La rage étincelait dans les yeux de Ferdinand de Tolède. — Traître ! dit-il en frémissant ; misérable traître !

— Le serment est prononcé, dit le mulâtre : je suis lié sans retour. Êtes-vous satisfait ?

Le duc leva son poignard.

— Je ne me défendrai point contre vous, reprit le jeune noir ; tuez-moi, comme vous avez tué ma mère.

Au souvenir de cette femme, qu’il avait chérie avec une ardeur sans égale, le féroce Espagnol s’arrêta et détourna les yeux, pour ne plus voir celui dont la couleur lui rappelait sa victime. — Éloignez-vous, murmura-t-il ; fuyez ! vous n’êtes plus mon fils.

— Je n’ai jamais mérité de l’être, répondit le mulâtre en se préparant à sortir.

— Où allez-vous ? s’écria le duc en le retenant.

— Rejoindre Louis de Winchestre.

— Et l’engager à me trahir ?

— Ce que vous m’avez proposé restera un secret pour tout le reste du monde… et cependant je voudrais détourner ce noble jeune homme de courir à sa perte ; il vous serait si facile de trouver un autre agent.

— Un autre homme qui ne tremblât point devant Philippe ! Don Alonzo, il n’y a que l’aigle qui puisse fixer impunément les yeux sur le soleil.

— Eh bien ! je ne le verrai pas, c’est le seul moyen de lui cacher mon inquiétude ; mais je renonce, dès ce jour, à vos bienfaits si chèrement achetés ; je renonce à cette cause injuste et maudite, pour laquelle vous avez pris les armes ; je ne m’occuperai que de secourir, s’il m’est possible, quelques-uns des malheureux que vous avez faits.

— Parlez sans détour, don Alonzo ; dites que vous allez rejoindre les rebelles.

— La religion et la nature ne permettent pas à un fils de s’armer contre l’auteur de ses jours,… et vous êtes… vous êtes mon père !

— Oui, malheureux ! oui, je le suis, et jamais père n’aima davantage son fils ! Revenez à moi, don Alonzo, je ne vous demande plus rien ! revenez à moi.

— Le serment est prononcé, répondit le jeune noir.

— Je vous ferai absoudre par nos évêques, par le Saint-Père lui-même, si vous l’exigez.

— Ni les évêques ni le Souverain Pontife n’ont ce pouvoir.
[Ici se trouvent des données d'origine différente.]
lemma omega_lipschitz: obtains \<gamma> where "\<gamma>-lipschitz_on A0 \<omega>"
proof -
  obtain \<gamma> where \<gamma>: "\<gamma> > 0" "\<forall>A\<in>A0. cmod (\<omega> A) \<le> \<gamma> * norm A"
    using omega_bounded by blast
  have "dist (\<omega> A) (\<omega> B) \<le> \<gamma> * dist A B" if "A \<in> A0" "B \<in> A0" for A B
  proof -
    have "dist (\<omega> A) (\<omega> B) = cmod (\<omega> (A - B))" by (simp add: dist_norm omega_diff that)
    also have "\<dots> \<le> \<gamma> * norm (A - B)" using \<gamma>(2) diff_closed[OF that] by blast
    finally show ?thesis by (simp add: dist_norm)
  qed
  with \<gamma>(1) show thesis by (intro that lipschitz_onI) auto
qed

lemma omega_bar_tendsto:
  assumes An: "\<And>n. An n \<in> A0" "An \<longlonglongrightarrow> X"
  shows "(\<lambda>n. \<omega> (An n)) \<longlonglongrightarrow> omega_bar A0 \<omega> X"
proof -
  obtain \<gamma> where \<gamma>: "\<gamma>-lipschitz_on A0 \<omega>" using omega_lipschitz .
  have "Cauchy (\<lambda>n. \<omega> (An n))"
    using uniformly_continuous_on_Cauchy[OF lipschitz_on_uniformly_continuous[OF \<gamma>]
        LIMSEQ_imp_Cauchy[OF An(2)] An(1)] .
  then obtain z where z: "(\<lambda>n. \<omega> (An n)) \<longlonglongrightarrow> z"
    using Cauchy_convergent_iff convergent_def by blast
  have any_approximation: "(\<lambda>n. \<omega> (Bn n)) \<longlonglongrightarrow> z" if Bn: "\<And>n. Bn n \<in> A0" "Bn \<longlonglongrightarrow> X" for Bn
  proof (rule Lim_transform[OF z])
    have bound: "\<forall>n. norm (\<omega> (Bn n) - \<omega> (An n)) \<le> \<gamma> * dist (Bn n) (An n)"
      using lipschitz_onD[OF \<gamma> Bn(1) An(1)] by (simp add: dist_norm)
    have "(\<lambda>n. \<gamma> * dist (Bn n) (An n)) \<longlonglongrightarrow> 0"
      using tendsto_mult_left[OF tendsto_dist[OF Bn(2) An(2)], of \<gamma>] by simp
    then show "(\<lambda>n. \<omega> (Bn n) - \<omega> (An n)) \<longlonglongrightarrow> 0"
      by (rule Lim_null_comparison[OF always_eventually[OF bound]])
  qed
  have "omega_bar A0 \<omega> X = z"
    unfolding omega_bar_def
  proof (rule the_equality)
    show "\<forall>Bn. (\<forall>n. Bn n \<in> A0) \<and> Bn \<longlonglongrightarrow> X \<longrightarrow> (\<lambda>n. \<omega> (Bn n)) \<longlonglongrightarrow> z"
      using any_approximation by blast
    fix y assume "\<forall>Bn. (\<forall>n. Bn n \<in> A0) \<and> Bn \<longlonglongrightarrow> X \<longrightarrow> (\<lambda>n. \<omega> (Bn n)) \<longlonglongrightarrow> y"
    then have "(\<lambda>n. \<omega> (An n)) \<longlonglongrightarrow> y" using An by blast
    then show "y = z" using z by (rule LIMSEQ_unique)
  qed
  with z show ?thesis by simp
qed

lemma omega_bar_A0: "A \<in> A0 \<Longrightarrow> omega_bar A0 \<omega> A = \<omega> A"
  using omega_bar_tendsto[of "\<lambda>n. A" A] by (simp add: LIMSEQ_const_iff)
Laissez-moi donc accomplir ma destinée : malgré toute votre grandeur et votre tendresse, je n’ai trouvé à votre cour que le mépris, la haine et l’humiliation ; une autre carrière m’est ouverte : je veux, je dois la parcourir. Je serai homme, je ferai le bien, et le témoignage de ma conscience, l’estime de ceux qui sont au-dessus des préjugés vulgaires, me dédommageront de l’opprobre qui s’attache à ma couleur. Adieu, mon père !

Il sortit en achevant ces mots, et le duc d’Albe resta seul avec ses remords. Quelques moments après son secrétaire intime, Albernot, entra dans le cabinet ; mais il resta interdit en voyant la figure décomposée et le regard fixe de son maître.
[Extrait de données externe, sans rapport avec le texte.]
(* Let $M=(S,\mathrm{Act},P)$ be an MDP, $T\subseteq S$, $\mathrm{opt}\in\{\min,\max\}$, let $Z=\{s\in S\mid\Pr^{\mathrm{opt}}_s(\Diamond T)=0\}$, and let $r$ be the least fixed point of $\tilde D^{\mathrm{opt}}$. Then for all $s\in S$: $r(s)=0$ if and only if $s\in Z$.
   Context: An MDP is a tuple $M=(S,\mathrm{Act},P)$ with $S$ finite, $\mathrm{Act}$ finite, $P\colon S\times\mathrm{Act}\times S\to[0,1]$ with $\sum_{s'}P(s,a,s')\in\{0,1\}$; $\mathrm{Act}(s)=\{a\mid\sum_{s'}P(s,a,s')=1\}$ is nonempty for all $s$; $\mathrm{Post}(s,a)=\{s'\mid P(s,a,s')>0\}$. A strategy is $\sigma\colon S\to\mathrm{Act}$ with $\sigma(s)\in\mathrm{Act}(s)$, inducing a Markov chain with transitions $P(s,\sigma(s),\cdot)$; $\Pr^\sigma_s(\Diamond T)$ is the probability of visiting $T$ from $s$ and $\Pr^{\mathrm{opt}}_s(\Diamond T)=\mathrm{opt}_\sigma\Pr^\sigma_s(\Diamond T)$. $\mathbb{N}_\infty=\mathbb{N}\cup\{\infty\}$ with $\infty+1=\infty$. $\tilde D^{\mathrm{opt}}(r)(s)=\infty$ for $s\in T$ and $\mathrm{opt}_{a\in\mathrm{Act}(s)}\big(\min_{s'\in\mathrm{Post}(s,a)}r(s')+[\exists u,v\in\mathrm{Post}(s,a)\colon r(u)\ne r(v)]\big)$ for $s\notin T$ ($[\varphi]\in\{0,1\}$ the Iverson bracket); it is monotone w.r.t. the pointwise order, so its least fixed point exists. *)

theory Defs
  imports Complex_Main "HOL-Library.Extended_Nat"
begin

definition is_mdp :: "('s::finite \<Rightarrow> 'a::finite \<Rightarrow> 's \<Rightarrow> real) \<Rightarrow> bool" where
  "is_mdp P \<longleftrightarrow>
     (\<forall>s a s'. 0 \<le> P s a s' \<and> P s a s' \<le> 1) \<and>
     (\<forall>s a. (\<Sum>s'\<in>UNIV. P s a s') \<in> {0, 1}) \<and>
     (\<forall>s. \<exists>a. (\<Sum>s'\<in>UNIV. P s a s') = 1)"

definition Act :: "('s::finite \<Rightarrow> 'a::finite \<Rightarrow> 's \<Rightarrow> real) \<Rightarrow> 's \<Rightarrow> 'a set" where
  "Act P s = {a. (\<Sum>s'\<in>UNIV. P s a s') = 1}"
— Que veux tu ? lui cria le duc.

— Je venais prendre les ordres de Votre Excellence.

Le gouverneur passa plusieurs fois la main sur son front : Il n’y a rien, dit-il… Ah ! ah ! j’oubliais, faites arrêter les dix-sept doyens de la bourgeoisie de Bruxelles, et que le bourreau prépare dix-sept cordes.
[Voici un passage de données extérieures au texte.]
definition loop_space :: "'a topology \<Rightarrow> 'a \<Rightarrow> (real \<Rightarrow> 'a) topology" where
  "loop_space X x0 = subtopology (compact_open_topology X) (loops X x0)"

definition tf_loops :: "'a topology \<Rightarrow> 'a \<Rightarrow> (real \<Rightarrow> 'a) set" where
  "tf_loops X x0 = {\<alpha> \<in> loops X x0. \<forall>t\<in>{0..1}. \<alpha> t = \<alpha> (1 - t)}"

definition homotopy_equivalence_map :: "'a topology \<Rightarrow> 'b topology \<Rightarrow> ('a \<Rightarrow> 'b) \<Rightarrow> bool" where
  "homotopy_equivalence_map X Y f \<longleftrightarrow>
     continuous_map X Y f \<and>
     (\<exists>g. continuous_map Y X g \<and>
          homotopic_with (\<lambda>h. True) X X (g \<circ> f) id \<and>
          homotopic_with (\<lambda>h. True) Y Y (f \<circ> g) id)"

end

theory Submission
  imports Defs
begin

text \<open>
  Fix a path \<open>p\<close> from \<open>x0\<close> with \<open>p u \<noteq> x0\<close>. The deformation \<open>whisker_homotopy p s\<close>
  squeezes a loop \<open>\<alpha>\<close> into \<open>[s/4, 1 - s/4]\<close>, waits at \<open>x0\<close> before it and afterwards runs
  along \<open>p\<close> out to \<open>p s\<close> and back. At \<open>s = 0\<close> it is the identity. It never creates
  time-reversal symmetry, since the middle part is placed symmetrically about \<open>1/2\<close> and
  determines \<open>\<alpha>\<close>. At \<open>s = 1\<close> its values are never symmetric: at time \<open>1 - u/8\<close> it
  passes through \<open>p u\<close>, at the mirror time \<open>u/8\<close> it still sits at \<open>x0\<close>. So
  \<open>whisker_homotopy p 1\<close> is a homotopy inverse of the inclusion, the deformation itself
  providing both homotopies.
\<close>

lemma topspace_compact_open_topology [simp]: "topspace (compact_open_topology X) = UNIV"
  unfolding compact_open_topology_def topology_generated_by_topspace
  by (auto intro!: exI[of _ "{}"])

lemma openin_compact_open_topologyI:
  assumes "compactin (top_of_set {0..1}) K" "openin X U"
  shows "openin (compact_open_topology X) {f. f ` K \<subseteq> U}"
  unfolding compact_open_topology_def
  by (rule topology_generated_by_Basis) (use assms in blast)

lemma continuous_map_into_compact_open_topology:
  fixes F :: "'z \<Rightarrow> real \<Rightarrow> 'a"
  assumes F: "continuous_map (prod_topology Z (top_of_set {0..1})) X (\<lambda>(z,t). F z t)"
  shows "continuous_map Z (compact_open_topology X) F"
  unfolding compact_open_topology_def
proof (rule continuous_on_generated_topo)
  show "F ` topspace Z \<subseteq> \<Union> {{f. f ` K \<subseteq> U} | K U. compactin (top_of_set {0..1}) K \<and> openin X U}"
    by (auto intro!: exI[of _ "{}"])
next
  fix W :: "(real \<Rightarrow> 'a) set"
  assume "W \<in> {{f. f ` K \<subseteq> U} | K U. compactin (top_of_set {0..1}) K \<and> openin X U}"
  then obtain K U where W: "W = {f. f ` K \<subseteq> U}" and K: "compactin (top_of_set {0..1}) K"
    and U: "openin X U" by blast
  let ?P = "prod_topology Z (top_of_set {0..1})"
  have preimage: "openin ?P {x \<in> topspace ?P. (\<lambda>(z,t). F z t) x \<in> U}"
    using openin_continuous_map_preimage[OF F U] .
  show "openin Z (F -` W \<inter> topspace Z)"
  proof (subst openin_subopen, intro ballI)
    fix z assume z: "z \<in> F -` W \<inter> topspace Z"
    then have "{z} \<times> K \<subseteq> {x \<in> topspace ?P. (\<lambda>(z,t). F z t) x \<in> U}"
      using W compactin_subset_topspace[OF K] by auto
    from tube_lemma_right[OF preimage K _ this] z
    obtain T V where "openin Z T" "z \<in> T" "K \<subseteq> V"
      "T \<times> V \<subseteq> {x \<in> topspace ?P. (\<lambda>(z,t). F z t) x \<in> U}" by auto
    then show "\<exists>T. openin Z T \<and> z \<in> T \<and> T \<subseteq> F -` W \<inter> topspace Z"
      using W openin_subset[of Z T] by (intro exI[of _ T]) force
  qed
qed

lemma continuous_map_evaluation:
  assumes S: "\<And>\<alpha>. \<alpha> \<in> S \<Longrightarrow> pathin X \<alpha>"
  shows "continuous_map (prod_topology (subtopology (compact_open_topology X) S) (top_of_set {0..1}))
           X (\<lambda>(\<alpha>,t). \<alpha> t)"
proof -
  let ?P = "prod_topology (subtopology (compact_open_topology X) S) (top_of_set {0..1})"
  have P: "topspace ?P = S \<times> {0..1}" by simp
  show ?thesis unfolding continuous_map_def
  proof (intro conjI allI impI)
    show "(\<lambda>(\<alpha>,t). \<alpha> t) \<in> topspace ?P \<rightarrow> topspace X"
      using S path_image_subset_topspace by fastforce
  next
    fix U assume U: "openin X U"
    show "openin ?P {x \<in> topspace ?P. (\<lambda>(\<alpha>,t). \<alpha> t) x \<in> U}"
    proof (subst openin_subopen, intro ballI)
      fix x assume "x \<in> {x \<in> topspace ?P. (\<lambda>(\<alpha>,t). \<alpha> t) x \<in> U}"
      then obtain \<alpha> t where x: "x = (\<alpha>, t)" and \<alpha>: "\<alpha> \<in> S" and t: "t \<in> {0..1}"
        and "\<alpha> t \<in> U" by auto
      moreover have "openin (top_of_set {0..1}) {u \<in> {0..1}. \<alpha> u \<in> U}"
        using openin_continuous_map_preimage[OF S[OF \<alpha>, unfolded pathin_def] U] by simp
      ultimately obtain e where "e > 0" and e: "\<And>u. u \<in> {0..1} \<Longrightarrow> dist u t < e \<Longrightarrow> \<alpha> u \<in> U"
        unfolding openin_euclidean_subtopology_iff by blast
      define K where "K = {0..1} \<inter> cball t (e/2)"
      define A where "A = {f. f ` K \<subseteq> U} \<inter> S"
      define V where "V = {0..1} \<inter> ball t (e/2)"
      have "openin (compact_open_topology X) {f. f ` K \<subseteq> U}"
        by (rule openin_compact_open_topologyI)
          (auto simp: K_def compactin_subtopology compact_Int U)
      then have "openin ?P (A \<times> V)"
        unfolding A_def V_def by (auto simp: openin_prod_Times_iff openin_subtopology)
      moreover have "\<alpha> ` K \<subseteq> U"
        using \<open>e > 0\<close> by (auto simp: K_def dist_commute intro!: e)
      then have "x \<in> A \<times> V"
        using x \<alpha> t \<open>e > 0\<close> by (auto simp: A_def V_def)
      moreover have "A \<times> V \<subseteq> {x \<in> topspace ?P. (\<lambda>(\<alpha>,t). \<alpha> t) x \<in> U}"
        by (auto simp: A_def V_def K_def)
      ultimately show "\<exists>T. openin ?P T \<and> x \<in> T \<and> T \<subseteq> {x \<in> topspace ?P. (\<lambda>(\<alpha>,t). \<alpha> t) x \<in> U}"
        by blast
    qed
  qed
qed

lemma homotopy_equivalence_map_inclusion:
  fixes H :: "real \<Rightarrow> 'a \<Rightarrow> 'a"
  assumes H: "continuous_map (prod_topology (top_of_set {0..1}) Y) Y (\<lambda>(s,y). H s y)"
    and H0: "\<And>y. y \<in> topspace Y \<Longrightarrow> H 0 y = y"
    and H1: "\<And>y. y \<in> topspace Y \<Longrightarrow> H 1 y \<in> S"
    and HS: "\<And>s y. s \<in> {0..1} \<Longrightarrow> y \<in> S \<Longrightarrow> H s y \<in> S"
    and S: "S \<subseteq> topspace Y"
  shows "homotopy_equivalence_map (subtopology Y S) Y id"
proof -
  have "continuous_map (prod_topology (top_of_set {0..1}) (subtopology Y S)) Y (\<lambda>(s,y). H s y)"
    using continuous_map_from_subtopology[OF H, of "{0..1} \<times> S"]
    by (simp add: subtopology_Times subtopology_subtopology)
  then have HS_cont: "continuous_map (prod_topology (top_of_set {0..1}) (subtopology Y S))
                        (subtopology Y S) (\<lambda>(s,y). H s y)"
    using HS by (auto simp: continuous_map_in_subtopology)
  have homotopic: "homotopic_with (\<lambda>h. True) Z Z (H 1) id"
    if "continuous_map (prod_topology (top_of_set {0..1}) Z) Z (\<lambda>(s,y). H s y)"
      and "topspace Z \<subseteq> topspace Y" for Z
    using that H0 by (subst homotopic_with_sym, subst homotopic_with)
      (auto intro!: exI[of _ "\<lambda>(s,y). H s y"])
  have "homotopic_with (\<lambda>h. True) Y Y (H 1) id"
    using homotopic[OF H] by simp
  then have "continuous_map Y (subtopology Y S) (H 1)"
    using H1 homotopic_with_imp_continuous_maps by (fastforce simp: continuous_map_in_subtopology)
  moreover have "continuous_map (subtopology Y S) Y id"
    by (simp add: continuous_map_from_subtopology)
  ultimately show ?thesis
    unfolding homotopy_equivalence_map_def
    using homotopic[OF H] homotopic[OF HS_cont] S by auto
qed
Quoique accoutumé à recevoir des ordres semblables, le secrétaire fut effrayé de l’effet que produirait un pareil attentat : prévoyant que le supplice des bourgeois les plus estimés pousserait à bout la patience du peuple dans un moment où l’armée allait s’éloigner il se hasarda à faire quelques représentations.

— Seigneur, dit-il, ces gens sont si peu coupables que vos juges (vous connaissez la sévérité de vos juges !) m’ont tous déclaré qu’ils n’oseraient les condamner à mort : on le regarderait comme un assassinat.

Le duc jeta un regard menaçant à celui qui osait plaider ainsi la cause des suspects. — Les juges sont des imbéciles, répondit-il avec un horrible jurement ; faites ce que je vous dis.

Albernot sortit épouvanté ; cependant il n’exécuta point cette affreuse commission.